6. The live playback video generation method of claim 5, further comprising:

7. The live playback video generation method of claim 1, wherein the current live video stream has identification information pointing to a previous live video stream; the generating a live playback video using a plurality of live video streams includes:

sequencing the live video stream according to the determined sequence;

and splicing the sequenced live broadcast video streams to obtain the live broadcast playback video.

8. A live playback video playing method is characterized by comprising the following steps:

acquiring a live playback video; the live playback video comprises one or more marks, and each mark corresponds to a video clip related to the media pushing object;

providing a time axis according to the time length of the live playback video;

presenting each marker on the timeline according to a position of a video clip associated with each media item in the live playback video;

9. The live playback video playback method of claim 8, further comprising:

when the currently played video clip does not correspond to any mark, taking the next mark on the time axis as a target mark;

and providing guide information of the recommendation corresponding to the target mark.

10. A live playback video generation apparatus, comprising:

the video stream acquisition module is used for acquiring a live video stream in a live broadcast process and monitoring whether a second layer related to a recommendation medium exists on a first layer where a live broadcast picture of the live video stream is located;

the voice matching module is used for determining whether target voice data corresponding to the live video stream is matched with the media object or not when a second layer related to the media object exists on a first layer where a live frame of the live video stream is monitored;

the video generation module is used for generating a live playback video by utilizing a plurality of live video streams; wherein the plurality of live video streams includes the live video stream to which the mark is added.

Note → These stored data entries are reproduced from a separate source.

(* Let $n>2$ be an integer and let $A$ be a set of $k$ integers with $k\ge 2n+1$. Then $$|S_n(A)|> (k-1)n-3\binom n2+1.$$
   Context: For a finite set $A\subseteq\mathbb Z$ and a positive integer $n$, define $$S_n(A)=\{a_1+\cdots+a_n:\ a_1,\ldots,a_n\in A,\ \text{and}\ a_i^2\neq a_j^2\ \text{for}\ 1\le i<j\le n\}.$$ *)

theory Defs
  imports Main
begin

definition restricted_sumset :: "nat \<Rightarrow> int set \<Rightarrow> int set" where
  "restricted_sumset n A =
     {(\<Sum>i<n. a i) | a. (\<forall>i<n. a i \<in> A) \<and>
                        (\<forall>i<n. \<forall>j<n. i < j \<longrightarrow> (a i)^2 \<noteq> (a j)^2)}"

end

theory Submission
  imports Defs
begin

(* Let a(A) be the number of absolute values occurring in A. As card A <= 2 a(A), it suffices
   to prove the bound whenever a(A) > n, by induction on n >= 3 and, inside, on card A.
   Replacing A by -A if necessary, the largest absolute value x of A lies in A; let A' = A - {x}.
   If still a(A') > n, pick summands with maximal sum in S_n(A'): they avoid -x, and trading each
   of the n summands for x gives n sums above all of S_n(A'), which pays for the step in card A.
   Otherwise a(A') = n and all of A' lies strictly between -x and x. Then x + S_(n-1)(A') is a
   part of S_n(A) lying above the least element of S_n(A'), and above the two least ones if A' is
   symmetric; since card A' <= 2n this pays for the step from (n - 1, card A') to (n, card A).
   For n = 3 this last case is settled instead by exhibiting enough explicit sums. *)

definition abs_inj_subsets :: "nat \<Rightarrow> int set \<Rightarrow> int set set" where
  "abs_inj_subsets n A = {C. C \<subseteq> A \<and> finite C \<and> card C = n \<and> inj_on abs C}"
lemma lifted_Un: "lifted_C \<union> lifted_D = V"
proof
  show "lifted_C \<union> lifted_D \<subseteq> V"
    using sides_subset_bag bag_subset_V unfolding lifted_C_def lifted_D_def by blast
next
  show "V \<subseteq> lifted_C \<union> lifted_D"
  proof
    fix v assume "v \<in> V"
    show "v \<in> lifted_C \<union> lifted_D"
    proof (cases "v \<in> bag V \<sigma>")
      case True
      then have "v \<in> C \<union> D" using torso_sep by (simp add: oriented_sep_def)
      then show ?thesis using lifted_in_bag[OF True] by blast
    next
      case False
      then obtain A B where AB: "(A, B) \<in> \<sigma>" "v \<in> A - B" using outside_bag_region \<open>v \<in> V\<close> by blast
      show ?thesis
        using star_separator_in_side[OF AB(1)] by (cases "A \<inter> B \<subseteq> D") (simp_all add: lifted_in_region[OF AB])
    qed
  qed
qed

lemma lifted_Int: "lifted_C \<inter> lifted_D = C \<inter> D"
proof
  show "C \<inter> D \<subseteq> lifted_C \<inter> lifted_D" by (auto simp: lifted_C_def lifted_D_def)
next
  show "lifted_C \<inter> lifted_D \<subseteq> C \<inter> D"
  proof
    fix v assume v: "v \<in> lifted_C \<inter> lifted_D"
    then have "v \<in> V" using lifted_Un by blast
    show "v \<in> C \<inter> D"
    proof (cases "v \<in> bag V \<sigma>")
      case True
      then show ?thesis using v lifted_in_bag by blast
    next
      case False
      then obtain A B where "(A, B) \<in> \<sigma>" "v \<in> A - B" using outside_bag_region \<open>v \<in> V\<close> by blast
      then show ?thesis using lifted_in_region v by blast
    qed
  qed
qed
lemma group_free_group: "group (free_group S)"
proof (rule groupI)
  show "x \<otimes>\<^bsub>free_group S\<^esub> y \<in> carrier (free_group S)"
    if "x \<in> carrier (free_group S)" "y \<in> carrier (free_group S)" for x y
  proof -
    have "fst ` set (reduce (x @ y)) \<subseteq> fst ` set (x @ y)"
      by (rule image_mono[OF set_reduce_subset])
    also have "\<dots> \<subseteq> S" using that by (auto simp: free_group_def)
    finally have "fst ` set (reduce (x @ y)) \<subseteq> S" .
    then show ?thesis using that by (simp add: free_group_def word_mult_reduce)
  qed
  show "\<exists>y\<in>carrier (free_group S). y \<otimes>\<^bsub>free_group S\<^esub> x = \<one>\<^bsub>free_group S\<^esub>"
    if "x \<in> carrier (free_group S)" for x
    using that by (intro bexI[of _ "word_inv x"]) (auto simp: free_group_def word_mult_reduce reduced_word_inv)
qed (auto simp: free_group_def word_mult_reduce reduce_reduced)

lemma free_group_inv: "w \<in> carrier (free_group S) \<Longrightarrow> inv\<^bsub>free_group S\<^esub> w = word_inv w"
  by (rule group.inv_equality[OF group_free_group])
    (auto simp: free_group_def word_mult_reduce reduced_word_inv)

lemma F2_carrier: "carrier F2 = {w. reduced w}"
  by (simp add: F2_def free_group_def)

interpretation F2: group F2
  unfolding F2_def by (rule group_free_group)

lemma F2_mult: "reduced v \<Longrightarrow> u \<otimes>\<^bsub>F2\<^esub> v = reduce (u @ v)"
  by (simp add: F2_def free_group_mult)

lemma F2_mult_reduce [simp]: "reduce u \<otimes>\<^bsub>F2\<^esub> reduce v = reduce (u @ v)"
  by (simp add: F2_def free_group_mult)

lemma F2_one: "\<one>\<^bsub>F2\<^esub> = []"
  by (simp add: F2_def free_group_def)

lemma F2_inv_reduce [simp]: "inv\<^bsub>F2\<^esub> (reduce u) = reduce (word_inv u)"
proof -
  have "inv\<^bsub>F2\<^esub> (reduce u) = word_inv (reduce u)"
    unfolding F2_def by (rule free_group_inv) (simp add: free_group_def)
  also have "\<dots> = reduce (word_inv (reduce u))"
    by (rule reduce_reduced[symmetric]) (simp add: reduced_word_inv)
  finally show ?thesis by simp
qed

lemma F2_pow_reduce [simp]: "reduce u [^]\<^bsub>F2\<^esub> k = reduce (word_pow u k)"
  by (induction k) (simp_all add: F2_one word_pow_Suc')

definition word_subst :: "('a \<Rightarrow> 'b word) \<Rightarrow> 'a word \<Rightarrow> 'b word" where
  "word_subst f w = concat (map (\<lambda>l. if snd l then word_inv (f (fst l)) else f (fst l)) w)"

lemma word_subst_Nil [simp]: "word_subst f [] = []"
  and word_subst_Cons: "word_subst f (l # w) = (if snd l then word_inv (f (fst l)) else f (fst l)) @ word_subst f w"
  and word_subst_append [simp]: "word_subst f (u @ v) = word_subst f u @ word_subst f v"
  by (simp_all add: word_subst_def)

lemma word_subst_concat_map: "word_subst f (concat (map g xs)) = concat (map (\<lambda>t. word_subst f (g t)) xs)"
  by (induction xs) simp_all

lemma word_subst_single [simp]:
  "word_subst f [(e, False)] = f e" "word_subst f [(e, True)] = word_inv (f e)"
  by (simp_all add: word_subst_def)

lemma word_subst_word_inv: "word_subst f (word_inv w) = word_inv (word_subst f w)"
  by (induction w) (auto simp: word_subst_Cons letter_inv_def)

lemma word_subst_word_subst: "word_subst g (word_subst f w) = word_subst (\<lambda>x. word_subst g (f x)) w"
  by (induction w) (auto simp: word_subst_Cons word_subst_word_inv)

lemma word_subst_letters: "word_subst (\<lambda>s. [(s, False)]) w = w"
  by (induction w) (auto simp: word_subst_Cons letter_inv_def)

lemma fst_set_word_subst: "fst ` set (word_subst f w) \<subseteq> (\<Union>e \<in> fst ` set w. fst ` set (f e))"
proof (induction w)
  case (Cons l w)
  have "fst ` set (word_subst f (l # w)) = fst ` set (f (fst l)) \<union> fst ` set (word_subst f w)"
    by (cases "snd l") (simp_all add: word_subst_Cons image_Un)
  with Cons show ?case by auto
qed simp

lemma reduce_word_subst_reduce [simp]: "reduce (word_subst f (reduce w)) = reduce (word_subst f w)"
  by (rule reduce_invariant[where f = "\<lambda>w. reduce (word_subst f w)"])
    (simp add: word_subst_Cons letter_inv_def)

lemma reduce_word_subst_cong:
  "(\<And>e. e \<in> fst ` set w \<Longrightarrow> reduce (f e) = reduce (g e)) \<Longrightarrow>
    reduce (word_subst f w) = reduce (word_subst g w)"
proof (induction w)
  case (Cons l w)
  then have "reduce (f (fst l)) = reduce (g (fst l))" by simp
  moreover from this have "reduce (word_inv (f (fst l))) = reduce (word_inv (g (fst l)))"
    by (rule reduce_word_inv_cong)
  ultimately have "reduce (if snd l then word_inv (f (fst l)) else f (fst l)) =
      reduce (if snd l then word_inv (g (fst l)) else g (fst l))"
    by simp
  moreover have "reduce (word_subst f w) = reduce (word_subst g w)" using Cons by simp
  ultimately show ?case unfolding word_subst_Cons by (rule reduce_append_cong)
qed simp

lemma reduce_concat_map_cong:
  "(\<And>t. t \<in> set xs \<Longrightarrow> reduce (f t) = reduce (g t)) \<Longrightarrow>
    reduce (concat (map f xs)) = reduce (concat (map g xs))"
  by (induction xs) (auto intro: reduce_append_cong)

lemma eval_word_free_group:
  "fst ` set w \<subseteq> carrier (free_group S) \<Longrightarrow> eval_word (free_group S) w = reduce (word_subst (\<lambda>s. s) w)"
proof (induction w)
  case (Cons l w)
  obtain s e where l: "l = (s, e)" by fastforce
  with Cons.prems have s: "s \<in> carrier (free_group S)" by simp
  then have "reduced s" by (simp add: free_group_def)
  with s have "(if e then inv\<^bsub>free_group S\<^esub> s else s) = reduce (if e then word_inv s else s)"
    by (simp add: free_group_inv reduce_reduced reduced_word_inv)
  with Cons l show ?case
    by (simp add: eval_word_def free_group_mult word_subst_Cons)
qed (simp add: eval_word_def free_group_def)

11. The live playback video generation apparatus of claim 10, wherein the apparatus further comprises:

12. The live playback video generation apparatus of claim 10, wherein the target speech determination module is specifically configured to:

extracting a feature vector of each frame of the sample voice data, and training based on the feature vector of each frame of the sample voice data to obtain a reference feature;

13. A live playback video playback apparatus, comprising:

the mark display module is used for providing a time axis according to the time length of the live playback video; presenting each marker on the timeline according to a position of a video clip associated with each media item in the live playback video;

14. A computer-readable storage medium, on which a computer program is stored, which, when being executed by a processor, carries out the method of any one of claims 1-9.

15. An electronic device, comprising:

a processor; and

a memory for storing executable instructions of the processor;

wherein the processor is configured to perform the method of any of claims 1-9 via execution of the executable instructions.